I know I fed mine Acana but now switched to Canine Caviar which they go nuts over!! Sorry I am not to sure what to buy from Petsmart :-( Could you not order from an online company??


----------



## mdbflorida (Feb 28, 2013)

We order from Chewy.com Canine Caviar. But I think Petsmart has Blue Buffalo, Fresh Pet and Wellness which i have seen some recommend. Do you have a Petco because i think they have Merrick which a lot use too.


----------



## maggieh (Dec 16, 2007)

The PetSmart by me has Wellness and AvoDerm in their "premium" aisle. But they also carry Simply Nourish which several varieties without rice and isn't a horrible food. If you're insistent on buying at PetSmart, that might be a good choice.

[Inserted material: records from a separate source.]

(* On the consensus set all s_i equal a single s, and S_N becomes an affine function of
   Omega*(s) - <s|qbar>, where qbar is the mean of the q_i.  Its infimum over s is
   -Omega**(qbar) = -Omega(qbar).  The lower bound is the Fenchel-Young inequality.  For the
   upper bound take the points x_t = qbar + t (x - qbar) towards a relative-interior point x:
   the Legendre hypothesis provides a gradient s_t at x_t, for which Fenchel-Young is an
   equality, and convexity together with lower semicontinuity makes Omega continuous along
   the segment as t -> 0.  The statements about Psi follow because Psi = Omega on the simplex,
   which contains qbar; the closed form is then a linear function plus kappa times the Jensen
   gap, and the gap is non-negative by Jensen's inequality. *)

lemma INF_ereal_affine:
  assumes "I \<noteq> {}" "0 < k"
  shows "(INF i\<in>I. ereal c + ereal k * f i) = ereal c + ereal k * (INF i\<in>I. f i)"
proof -
  have "continuous (at_right (INF i\<in>I. f i)) (\<lambda>x. ereal k * x + ereal c)"
    unfolding continuous_within by (intro tendsto_intros) auto
  moreover have "mono (\<lambda>x. ereal k * x + ereal c)"
    using assms(2) by (auto simp: mono_def intro!: add_right_mono ereal_mult_left_mono)
  ultimately show ?thesis
    using continuous_at_Inf_mono[of "\<lambda>x. ereal k * x + ereal c" "f ` I"] assms(1)
    by (simp add: image_comp add.commute)
qed

lemma linear_imp_convex_on: "convex S \<Longrightarrow> linear f \<Longrightarrow> convex_on S f"
  by (rule convex_onI) (simp_all add: linear_add linear_scale)

lemma convex_on_has_derivative_within_affine_le:
  fixes g :: "'a::real_normed_vector \<Rightarrow> real"
  assumes g: "convex_on S g" and "affine A" and x: "x \<in> S" "x \<in> A" and y: "y \<in> S" "y \<in> A"
    and D: "(g has_derivative D) (at x within A)"
  shows "g x + D (y - x) \<le> g y"
proof -
  define p where "p = (\<lambda>t::real. x + t *\<^sub>R (y - x))"
  have p_affine: "p t = (1 - t) *\<^sub>R x + t *\<^sub>R y" for t
    unfolding p_def by (simp add: algebra_simps)
  have "range p \<subseteq> A"
    using \<open>affine A\<close> x y unfolding affine_def p_affine by auto
  then have "(g has_derivative D) (at (p 0) within range p)"
    using has_derivative_subset[OF D] by (simp add: p_def)
  moreover have "(p has_derivative (\<lambda>t. t *\<^sub>R (y - x))) (at 0)"
    unfolding p_def by (auto intro!: derivative_eq_intros)
  ultimately have "((g \<circ> p) has_derivative (\<lambda>t. D (t *\<^sub>R (y - x)))) (at 0)"
    using diff_chain_within[of p _ 0 UNIV g D] by (simp add: o_def)
  moreover have "(\<lambda>t. D (t *\<^sub>R (y - x))) = (*) (D (y - x))"
    using linear_scale[OF has_derivative_linear[OF D]] by (simp add: fun_eq_iff)
  ultimately have "((g \<circ> p) has_field_derivative D (y - x)) (at 0)"
    unfolding has_field_derivative_def by simp
  then have "((\<lambda>t. (g (p t) - g (p 0)) / t) \<longlongrightarrow> D (y - x)) (at_right 0)"
    unfolding has_field_derivative_iff by (auto intro: tendsto_within_subset)
  moreover have "\<forall>\<^sub>F t in at_right 0. (g (p t) - g (p 0)) / t \<le> g y - g x"
    using eventually_at_right_real[OF zero_less_one]
  proof eventually_elim
    case (elim t)
    then have "g (p t) \<le> (1 - t) * g x + t * g y"
      using convex_onD[OF g, of t x y] x y by (simp add: p_affine)
    then show ?case
      using elim by (simp add: p_def divide_simps algebra_simps)
  qed
  ultimately have "D (y - x) \<le> g y - g x"
    by (rule tendsto_upperbound) simp
  then show ?thesis by simp
qed

lemma proper_fun_dom_e_eq_ereal:
  assumes "proper_fun F" "x \<in> dom_e F"
  shows "F x = ereal (real_of_ereal (F x))"
  using assms unfolding proper_fun_def dom_e_def by (cases "F x") auto

lemma ext_convex_on_cong:
  assumes "\<And>x. x \<in> D \<Longrightarrow> f x = g x"
  shows "ext_convex_on D f \<longleftrightarrow> ext_convex_on D g"
proof -
  have "(1 - t) *\<^sub>R x + t *\<^sub>R y \<in> D" if "convex D" "x \<in> D" "y \<in> D" "0 < t" "t < 1" for x y t
    using that convex_alt by fastforce
  then show ?thesis using assms unfolding ext_convex_on_def by auto
qed

lemma ext_convex_on_ereal_iff: "ext_convex_on D (\<lambda>x. ereal (f x)) \<longleftrightarrow> convex_on D f"
  unfolding ext_convex_on_def
  by (auto intro: convex_onI dest: convex_on_imp_convex simp: convex_onD)

lemma ext_convex_on_UNIV_convex_on_dom_e:
  fixes F :: "'a::real_vector \<Rightarrow> ereal"
  assumes "ext_convex_on UNIV F" "proper_fun F"
  shows "convex_on (dom_e F) (\<lambda>x. real_of_ereal (F x))"
proof -
  have le: "F ((1 - t) *\<^sub>R x + t *\<^sub>R y)
      \<le> ereal ((1 - t) * real_of_ereal (F x) + t * real_of_ereal (F y))"
    if xy: "x \<in> dom_e F" "y \<in> dom_e F" and t: "0 < t" "t < 1" for x y t
  proof -
    obtain a b where "F x = ereal a" "F y = ereal b"
      using proper_fun_dom_e_eq_ereal[OF assms(2)] xy by metis
    moreover have "F ((1 - t) *\<^sub>R x + t *\<^sub>R y) \<le> ereal (1 - t) * F x + ereal t * F y"
      using assms(1) t unfolding ext_convex_on_def by blast
    ultimately show ?thesis by simp
  qed
  have mem: "(1 - t) *\<^sub>R x + t *\<^sub>R y \<in> dom_e F"
    if "x \<in> dom_e F" "y \<in> dom_e F" "0 < t" "t < 1" for x y t
    using le[OF that] by (auto simp: dom_e_def intro: le_less_trans)
  have "convex (dom_e F)"
    unfolding convex_alt
  proof (intro ballI allI impI)
    fix x y and u :: real assume "x \<in> dom_e F" "y \<in> dom_e F" "0 \<le> u \<and> u \<le> 1"
    then show "(1 - u) *\<^sub>R x + u *\<^sub>R y \<in> dom_e F"
      using mem[of x y u] by (cases "u = 0 \<or> u = 1") auto
  qed
  then show ?thesis
  proof (rule convex_onI[rotated])
    fix t :: real and x y assume "0 < t" "t < 1" "x \<in> dom_e F" "y \<in> dom_e F"
    then show "real_of_ereal (F ((1 - t) *\<^sub>R x + t *\<^sub>R y))
        \<le> (1 - t) * real_of_ereal (F x) + t * real_of_ereal (F y)"
      using le proper_fun_dom_e_eq_ereal[OF assms(2) mem] by (metis ereal_less_eq(3))
  qed
qed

I've ordered from PetFoodDirect.com and chewy.com and been very happy with the service from both. In some cases, you can also order directly from the manufacturer so be sure and check their web sites too.

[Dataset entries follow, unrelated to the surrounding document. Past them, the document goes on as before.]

lemma zeta_N_prod_one_minus_powers:
  assumes "Re s > real (r ^ 2)"
  shows "has_Z_extension (\<lambda>u. complex_of_real (\<Prod>k\<in>{1..r}. 1 - 1 / (1 / u) ^ k)) s"
    and "zeta_N (\<lambda>u. complex_of_real (\<Prod>k\<in>{1..r}. 1 - 1 / (1 / u) ^ k)) s =
           zeta_GL r (s + of_nat (r * (r - 1) div 2)) powi ((-1) ^ r)"
proof -
  have f: "(\<Prod>k\<in>{1..r}. 1 - 1 / (1 / u) ^ k) = of_int ((-1) ^ r) * u powr (- real (r * (r - 1) div 2)) *
      (\<Sum>i\<le>r ^ 2. of_int (coeff (N_GL r) i) * u ^ i)"
    if "u > 1" for u :: real
    using that by (subst prod_one_minus_powers) auto
  have s: "Re s > real (r ^ 2) - real (r * (r - 1) div 2)"
    using assms by simp
  show "has_Z_extension (\<lambda>u. complex_of_real (\<Prod>k\<in>{1..r}. 1 - 1 / (1 / u) ^ k)) s"
    by (rule zeta_N_scaled_N_GL(1)[OF f s])
  show "zeta_N (\<lambda>u. complex_of_real (\<Prod>k\<in>{1..r}. 1 - 1 / (1 / u) ^ k)) s =
      zeta_GL r (s + of_nat (r * (r - 1) div 2)) powi ((-1) ^ r)"
    by (rule zeta_N_scaled_N_GL(2)[OF f s])
qed
(* Let $\mathcal G$ be a groupoid, $x\in\mathcal G(i_0,k_0)$, $y\in\mathcal G(j_0,k_0)$ and $z\in\mathcal G(l_0,k_0)$. Then for every object $A$ of $\mathcal H^r(\mathcal G)$, $$\zeta^{y,z}_A\circ(\mathrm{id}_{z\bar y}\diamond\zeta^{x,y}_A)=\zeta^{x,z}_A\circ(m_{z\bar y,y\bar x}\diamond\mathrm{id}_{A^x}):H_{z\bar y}\diamond H_{y\bar x}\diamond A^x\to A^z .$$ In particular, for every $i\in\mathrm{Obj}\,\mathcal G$, $\zeta^{1_i,1_i}_{H_{1_i}}:H_{1_i}\diamond H_{1_i}\to H_{1_i}$ makes $H_{1_i}$ into a (left) module over the algebra $(H_{1_i},m_{1_i,1_i},\eta_i)$.
   Context: Groupoid conventions: a groupoid $\mathcal G$ is a small category in which every morphism is invertible; $\mathcal G(i,j)$ denotes the morphisms from $i$ to $j$; composition left to right ($g\in\mathcal G(i,j)$, $h\in\mathcal G(j,k)$ give $gh\in\mathcal G(i,k)$); $1_i$ identity, $\bar g$ inverse. For $x\in\mathcal G(i,k)$ the functor $(\cdot)^x:\mathcal G\to\mathcal G$: $k^x=i$, $j^x=j$ for $j\neq k$; $g^x=xg\bar x$ if $g\in\mathcal G(k,k)$, $g^x=xg$ if $g\in\mathcal G(k,l)$, $l\neq k$, $g^x=g\bar x$ if $g\in\mathcal G(j,k)$, $j\neq k$, $g^x=g$ otherwise; on objects $(H_{g_1}\diamond\dots\diamond H_{g_r})^x=H_{g_1^x}\diamond\dots\diamond H_{g_r^x}$, $\mathbf 1^x=\mathbf 1$. Braided monoidal categories: product $\diamond$, unit $\mathbf 1$, braiding $\gamma_{A,B}$, $\bar\gamma_{A,B}:=\gamma_{B,A}^{-1}$; constraints suppressed; $\mathrm{id}_g=\mathrm{id}_{H_g}$, $\gamma_{g,h}=\gamma_{H_g,H_h}$, $\bar\gamma_{g,h}=\bar\gamma_{H_g,H_h}$. $\mathcal H^r(\mathcal G)$ is the braided monoidal category freely generated by objects $H_g$ ($g\in\mathcal G$) and morphisms $\Delta_g:H_g\to H_g\diamond H_g$, $\epsilon_g:H_g\to\mathbf 1$, $m_{g,h}:H_g\diamond H_h\to H_{gh}$, $\eta_i:\mathbf 1\to H_{1_i}$, $S_g,\bar S_g:H_g\to H_{\bar g}$, $l_i:H_{1_i}\to\mathbf 1$, $L_g:\mathbf 1\to H_g$, $v_g,v_g^{-1}:H_g\to H_g$, subject to (composable labels, $g\in\mathcal G(i,j)$): (Hopf) $\Delta$ coassociative; $(\epsilon_g\diamond\mathrm{id})\Delta_g=\mathrm{id}_g=(\mathrm{id}\diamond\epsilon_g)\Delta_g$; $m$ associative; $m_{g,1_j}(\mathrm{id}_g\diamond\eta_j)=\mathrm{id}_g=m_{1_i,g}(\eta_i\diamond\mathrm{id}_g)$; $(m_{g,h}\diamond m_{g,h})(\mathrm{id}_g\diamond\gamma_{g,h}\diamond\mathrm{id}_h)(\Delta_g\diamond\Delta_h)=\Delta_{gh}m_{g,h}$; $\epsilon_{gh}m_{g,h}=\epsilon_g\diamond\epsilon_h$; $\Delta_{1_i}\eta_i=\eta_i\diamond\eta_i$; $\epsilon_{1_i}\eta_i=\mathrm{id}_{\mathbf 1}$; $m_{\bar g,g}(S_g\diamond\mathrm{id}_g)\Delta_g=\eta_j\epsilon_g$; $m_{g,\bar g}(\mathrm{id}_g\diamond S_g)\Delta_g=\eta_i\epsilon_g$; $S_{\bar g}\bar S_g=\bar S_{\bar g}S_g=\mathrm{id}_g$. (Integrals) $(\mathrm{id}_{1_i}\diamond l_i)\Delta_{1_i}=\eta_il_i$; $m_{g,h}(L_g\diamond\mathrm{id}_h)=L_{gh}\epsilon_h$; $l_iL_{1_i}=\mathrm{id}_{\mathbf 1}=l_iS_{1_i}L_{1_i}$; $S_gL_g=L_{\bar g}$; $l_iS_{1_i}=l_i$. (Ribbon) $v_gv_g^{-1}=v_g^{-1}v_g=\mathrm{id}_g$; $\epsilon_gv_g=\epsilon_g$; $v_gL_g=L_g$; $S_gv_g=v_{\bar g}S_g$; $m_{g,h}(v_g\diamond\mathrm{id}_h)=v_{gh}m_{g,h}=m_{g,h}(\mathrm{id}_g\diamond v_h)$. Copairings $\sigma_{i,i}=(v_{1_i}^{-1}\diamond(v_{1_i}^{-1}S_{1_i}))\Delta_{1_i}v_{1_i}\eta_i$, $\sigma_{i,j}=\eta_i\diamond\eta_j$ ($i\neq j$). For $g\in\mathcal G(p,q)$, $h\in\mathcal G(r,s)$, $k\in\mathrm{Obj}\,\mathcal G$: $\mu_{g,h}=(m_{g,1_q}\diamond m_{1_r,h})(\mathrm{id}_g\diamond\sigma_{q,r}\diamond\mathrm{id}_h)$, $\rho^r_{g,k}=(m_{g,1_q}\diamond\mathrm{id}_{1_k})(\mathrm{id}_g\diamond\sigma_{q,k})$, $\rho^l_{g,k}=(\mathrm{id}_{1_k}\diamond m_{1_p,g})(\sigma_{k,p}\diamond\mathrm{id}_g)$. Required: each $\sigma_{i,j}$ is a Hopf copairing ($(\Delta_{1_i}\diamond\mathrm{id})\sigma_{i,j}=(\mathrm{id}\diamond\mathrm{id}\diamond m_{1_j,1_j})(\mathrm{id}\diamond\sigma_{i,j}\diamond\mathrm{id})\sigma_{i,j}$, $(\mathrm{id}\diamond\Delta_{1_j})\sigma_{i,j}=(m_{1_i,1_i}\diamond\mathrm{id}\diamond\mathrm{id})(\mathrm{id}\diamond\sigma_{i,j}\diamond\mathrm{id})\sigma_{i,j}$, $(\epsilon_{1_i}\diamond\mathrm{id})\sigma_{i,j}=\eta_j$, $(\mathrm{id}\diamond\epsilon_{1_j})\sigma_{i,j}=\eta_i$); $\Delta_gv_g^{-1}=\mu_{g,g}(v_g^{-1}\diamond v_g^{-1})\bar\gamma_{g,g}\Delta_g$; for $g\in\mathcal G(p,i)$, $h\in\mathcal G(j,s)$: $(m_{1_j,h}\diamond m_{g,1_i})(S_{1_j}\diamond(\mu_{h,g}\bar\gamma_{g,h}\mu_{g,h})\diamond S_{1_i})(\rho^l_{g,j}\diamond\rho^r_{h,i})=\gamma_{g,h}$. The morphisms $\zeta$: for $x\in\mathcal G(i_0,k_0)$, $y\in\mathcal G(j_0,k_0)$ and $g\in\mathcal G(i,j)$, $\zeta^{x,y}_g:H_{y\bar x}\diamond H_{g^x}\to H_{g^y}$ is: $\epsilon_{y\bar x}\diamond\mathrm{id}_{g^x}$ if $i\neq k_0\neq j$; $m_{y\bar x,g^x}$ if $i=k_0\neq j$; $m_{g^x,x\bar y}(\mathrm{id}_{g^x}\diamond S_{y\bar x})\gamma_{y\bar x,g^x}$ if $i\neq k_0=j$; $m_{y\bar x,g^xx\bar y}(\mathrm{id}_{y\bar x}\diamond m_{g^x,x\bar y})(\mathrm{id}_{y\bar x}\diamond((\mathrm{id}_{g^x}\diamond S_{y\bar x})\gamma_{y\bar x,g^x}))(\Delta_{y\bar x}\diamond\mathrm{id}_{g^x})$ if $i=k_0=j$. Extended to all objects by $\zeta^{x,y}_{\mathbf 1}=\epsilon_{y\bar x}$ and $\zeta^{x,y}_{A\diamond H_g}=(\zeta^{x,y}_A\diamond\zeta^{x,y}_g)(\mathrm{id}_{y\bar x}\diamond\gamma_{y\bar x,A^x}\diamond\mathrm{id}_{g^x})(\Delta_{y\bar x}\diamond\mathrm{id}_{A^x\diamond H_{g^x}})$, giving $\zeta^{x,y}_A:H_{y\bar x}\diamond A^x\to A^y$. *)

theory Defs
  imports Main
begin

If you have a feed store near you, check it out as well. Sometimes places that carry nutrition items for animals such as horses will also stock dog food and my experience has been that they sometimes have the premium brands.


----------



## Kathleen (Aug 4, 2011)

You could see what is available in your local store, and then check out those brands on dogfoodadvisor.com. I have found that site to be very helpful.

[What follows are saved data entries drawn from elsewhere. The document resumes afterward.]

(* Let $\phi_1,\dots,\phi_B\in\mathbb R^d$ with $\|\phi_i\|_2\le1$, and let $\eta>0$ with $\eta B<\frac13$. Let $H:=(I-\eta\phi_1\phi_1^\top)(I-\eta\phi_2\phi_2^\top)\cdots(I-\eta\phi_B\phi_B^\top)$. Then, in the positive semidefinite order, $$I-2\eta\Big(1+\frac{\eta B}{1-2\eta B}\Big)\sum_{i=1}^B\phi_i\phi_i^\top\;\preceq\;H^\top H\;\preceq\;I-2\eta\Big(1-\frac{\eta B}{1-2\eta B}\Big)\sum_{i=1}^B\phi_i\phi_i^\top .$$ *)

theory Defs
  imports "HOL-Analysis.Analysis"
begin

definition outer :: "real^'d \<Rightarrow> real^'d \<Rightarrow> real^'d^'d" where
  "outer u v = (\<chi> i j. u $ i * v $ j)"

fun mat_prod_upto :: "(nat \<Rightarrow> real^'d^'d) \<Rightarrow> nat \<Rightarrow> real^'d^'d" where
  "mat_prod_upto M 0 = mat 1"
| "mat_prod_upto M (Suc n) = mat_prod_upto M n ** M (Suc n)"

definition loewner_le :: "real^'d^'d \<Rightarrow> real^'d^'d \<Rightarrow> bool" where
  "loewner_le A C \<longleftrightarrow> (\<forall>x. x \<bullet> ((C - A) *v x) \<ge> 0)"

end

theory Submission
  imports Defs
begin

text \<open>Let \<open>H\<^sub>k\<close> be the product of the first k factors and \<open>b\<^sub>k = \<phi>\<^sub>k \<bullet> x\<close>. Telescoping gives
  \<open>H x = x - \<eta> q\<close> with \<open>q = \<Sum>\<^sub>k b\<^sub>k H\<^sub>k\<^sub>-\<^sub>1 \<phi>\<^sub>k\<close>, so
  \<open>|H x|\<^sup>2 = |x|\<^sup>2 - 2 \<eta> x \<bullet> q + \<eta>\<^sup>2 |q|\<^sup>2\<close>. The errors \<open>e\<^sub>k = b\<^sub>k - x \<bullet> H\<^sub>k\<^sub>-\<^sub>1 \<phi>\<^sub>k\<close> satisfy a
  triangular recursion, hence are uniformly \<open>O(\<eta> |b|\<^sub>1)\<close>, and the first-order part of
  \<open>\<Sum> b\<^sub>k e\<^sub>k\<close> is the off-diagonal half of \<open>|\<Sum> b\<^sub>k \<phi>\<^sub>k|\<^sup>2\<close>. Therefore the defect
  \<open>|H x|\<^sup>2 - |x|\<^sup>2 + 2 \<eta> |b|\<^sub>2\<^sup>2\<close> is \<open>\<eta>\<^sup>2\<close> times a quantity of size \<open>O(|b|\<^sub>1\<^sup>2)\<close>, and
  \<open>|b|\<^sub>1\<^sup>2 \<le> B |b|\<^sub>2\<^sup>2\<close> turns this into a relative error of order \<open>\<eta> B\<close> in the quadratic form.
  Each factor is a contraction, which bounds \<open>|q|\<close>.\<close>

lemma outer_mult_vec: "outer u v *v x = (v \<bullet> x) *\<^sub>R u"
  by (simp add: outer_def matrix_vector_mult_def inner_vec_def vec_eq_iff sum_distrib_left mult_ac)

lemma sum_matrix_vector_mult: "(\<Sum>i\<in>I. A i) *v (x::real^'n) = (\<Sum>i\<in>I. A i *v x)"
  by (induction I rule: infinite_finite_induct) (auto simp: matrix_vector_mult_add_rdistrib)

lemma inner_transpose_mult_self: "x \<bullet> ((transpose (H::real^'n^'m) ** H) *v x) = (norm (H *v x))\<^sup>2"
  unfolding power2_norm_eq_inner matrix_vector_mul_assoc[symmetric] transpose_matrix_vector
  by (subst inner_commute) (rule dot_lmul_matrix)

lemma loewner_le_iff: "loewner_le A C \<longleftrightarrow> (\<forall>x. x \<bullet> (A *v x) \<le> x \<bullet> (C *v x))"
  by (simp add: loewner_le_def matrix_vector_mult_diff_rdistrib inner_diff_right)

lemma inner_identity_minus_mult_vec:
  "x \<bullet> ((mat 1 - r *\<^sub>R (A::real^'n^'n)) *v x) = (norm x)\<^sup>2 - r * (x \<bullet> (A *v x))"
  by (simp add: matrix_vector_mult_diff_rdistrib scaleR_matrix_vector_assoc[symmetric]
      inner_diff_right power2_norm_eq_inner)

lemma mat_prod_upto_mult_vec_telescope:
  "mat_prod_upto (\<lambda>k. mat 1 - N k) n *v y
     = y - (\<Sum>k=1..n. mat_prod_upto (\<lambda>k. mat 1 - N k) (k - 1) *v (N k *v y))"
proof (induction n arbitrary: y)
  case 0
  then show ?case by simp
next
  case (Suc n)
  let ?M = "mat_prod_upto (\<lambda>k. mat 1 - N k)"
  have "?M (Suc n) *v y = ?M n *v (y - N (Suc n) *v y)"
    by (simp add: matrix_vector_mul_assoc[symmetric] matrix_vector_mult_diff_rdistrib)
  also have "\<dots> = ?M n *v y - ?M n *v (N (Suc n) *v y)"
    by (simp add: matrix_vector_mult_diff_distrib)
  finally show ?case
    by (simp add: Suc.IH)
qed

lemma norm_mat_prod_upto_mult_vec_le:
  assumes "\<And>i y. i \<in> {1..n} \<Longrightarrow> norm (M i *v y) \<le> norm y"
  shows "norm (mat_prod_upto M n *v y) \<le> norm y"
  using assms
proof (induction n arbitrary: y)
  case 0
  then show ?case by simp
next
  case (Suc n)
  have "norm (mat_prod_upto M (Suc n) *v y) = norm (mat_prod_upto M n *v (M (Suc n) *v y))"
    by (simp add: matrix_vector_mul_assoc)
  also have "\<dots> \<le> norm (M (Suc n) *v y)"
    using Suc.prems by (intro Suc.IH) auto
  also have "\<dots> \<le> norm y"
    using Suc.prems by auto
  finally show ?case .
qed

lemma rank_one_update_mult_vec:
  "(mat 1 - \<eta> *\<^sub>R outer v v) *v y = y - (\<eta> * (v \<bullet> y)) *\<^sub>R v"
  by (simp add: matrix_vector_mult_diff_rdistrib scaleR_matrix_vector_assoc[symmetric] outer_mult_vec)

lemma norm_rank_one_update_mult_vec_le:
  assumes "0 \<le> \<eta>" "\<eta> * (norm v)\<^sup>2 \<le> 2"
  shows "norm ((mat 1 - \<eta> *\<^sub>R outer v v) *v y) \<le> norm y"
proof -
  have "(norm ((mat 1 - \<eta> *\<^sub>R outer v v) *v y))\<^sup>2
      = (norm y)\<^sup>2 - \<eta> * (v \<bullet> y)\<^sup>2 * (2 - \<eta> * (norm v)\<^sup>2)"
    unfolding rank_one_update_mult_vec power2_norm_eq_inner
    by (simp add: inner_diff_left inner_diff_right inner_commute algebra_simps power2_eq_square)
  also have "\<dots> \<le> (norm y)\<^sup>2"
    using assms by simp
  finally show ?thesis
    by (rule power2_le_imp_le) simp
qed

lemma norm_sum_squared_eq:
  fixes v :: "nat \<Rightarrow> 'a::real_inner"
  shows "(norm (\<Sum>k=1..n. v k))\<^sup>2
     = 2 * (\<Sum>k=1..n. v k \<bullet> (\<Sum>i=1..k-1. v i)) + (\<Sum>k=1..n. (norm (v k))\<^sup>2)"
proof (induction n)
  case 0
  then show ?case by simp
next
  case (Suc n)
  have "(norm (\<Sum>k=1..Suc n. v k))\<^sup>2
      = (norm (\<Sum>k=1..n. v k))\<^sup>2 + 2 * (v (Suc n) \<bullet> (\<Sum>k=1..n. v k)) + (norm (v (Suc n)))\<^sup>2"
    by (simp add: power2_norm_eq_inner inner_add_left inner_add_right inner_commute)
  then show ?case
    using Suc.IH by simp
qed

lemma square_sum_abs_le:
  fixes f :: "'a \<Rightarrow> real"
  shows "(\<Sum>k\<in>I. \<bar>f k\<bar>)\<^sup>2 \<le> real (card I) * (\<Sum>k\<in>I. (f k)\<^sup>2)"
  using Cauchy_Schwarz_ineq_sum[of "\<lambda>_. 1" "\<lambda>k. \<bar>f k\<bar>" I] by simp

locale small_step_product =
  fixes \<phi> :: "nat \<Rightarrow> real^'d" and \<eta> :: real and B :: nat and x :: "real^'d"
  assumes norm_le_one: "\<And>i. i \<in> {1..B} \<Longrightarrow> norm (\<phi> i) \<le> 1"
    and eta_pos: "0 < \<eta>" and step_small: "\<eta> * real B < 1/3" and B_pos: "1 \<le> B"
begin

definition t :: real where "t = \<eta> * real B"

definition P :: "nat \<Rightarrow> real^'d^'d" where
  "P = mat_prod_upto (\<lambda>i. mat 1 - \<eta> *\<^sub>R outer (\<phi> i) (\<phi> i))"

definition b :: "nat \<Rightarrow> real" where "b k = \<phi> k \<bullet> x"

definition u :: "nat \<Rightarrow> real^'d" where "u k = P (k - 1) *v \<phi> k"

definition e :: "nat \<Rightarrow> real" where "e k = b k - x \<bullet> u k"

definition l1 :: real where "l1 = (\<Sum>k=1..B. \<bar>b k\<bar>)"

definition s :: real where "s = (\<Sum>k=1..B. (b k)\<^sup>2)"

text \<open>\<open>E\<close> solves \<open>E = \<eta> (l1 + B E)\<close>, the bound propagated by the recursion \<open>e_eq\<close>.\<close>

definition E :: real where "E = \<eta> * l1 / (1 - t)"

definition q :: "real^'d" where "q = (\<Sum>k=1..B. b k *\<^sub>R u k)"

definition w :: "real^'d" where "w = (\<Sum>k=1..B. b k *\<^sub>R \<phi> k)"

definition diag :: real where "diag = (\<Sum>k=1..B. (b k)\<^sup>2 * (norm (\<phi> k))\<^sup>2)"

definition R :: real where "R = (\<Sum>k=1..B. b k * (\<Sum>i=1..k-1. (\<phi> i \<bullet> \<phi> k) * e i))"

definition defect :: real where "defect = (norm (P B *v x))\<^sup>2 - (norm x)\<^sup>2 + 2 * \<eta> * s"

We order online too, because our local Petsmart and Petco don't carry the brands we like.


----------



## Furbabies mom (Jul 25, 2011)

Does PetSmart carry Earthborn Holistic ? I switch mine between Fromm and Earthborn Holistic small breed. Mine really like it and it cleared up my Yorkies flakey skin as a puppy. Chewey .com is great to order from, my order came in a couple of days.


----------



## IzzysBellasMom (Jan 16, 2013)

I also order from Chewy.com. I use Fromm dry and Wellness wet. We have a local specialty pet store that carries the Fromm, but it was 18.99 plus tax, and on chewy.com it was 12.99 no tax and free shipping if you order enough. I am also on auto delivery. The only good thing about purchasing food from Petsmart, even after a week or so, if your dogs don't like it you can always return the remainder for a refund or exchange.


----------



## StevieB (Feb 2, 2012)

I order Fromm and Stella & Chewys from chewy.com. Shipping is around $5, the closest pet boutique that carries Fromm is about 15-20 mins away. I'm lazy so I figure 40 minutes of my time is worth $5!


----------



## dmsl (Jan 26, 2013)

Another Fromm and Chewy.com happy customer!!! We were feeding a higher end food from Petsmart (breeder had my golden on Eukaneuba Naturally Wild) and now I'm getting Fromm for less than I was paying for eukaneuba! I do the auto ship & love love it...you can change at any time...and if you ever make an error (like I did this month!) in changing your order & end up clicking twice within 24 hours - Chewy representatives call you to check on it just to verify you wanted double! I didn't & they stopped one order for me! I do at times buy a small bag at my local boutique store that carries fromm, just so I can ask for a few sample flavors to try! Then I order what they like on chewy.com!


----------



## Artbythecreek (Apr 16, 2013)

We do Fromm Salmon à la Veg and Primal Chicken (frozen and freeze dried). Everyone here loves it! I like how small the kibble is. Even tiny Corrina can handle it.


----------



## Hrossen11 (Jan 29, 2013)

My boys eat blue buffalo freedom small breed


----------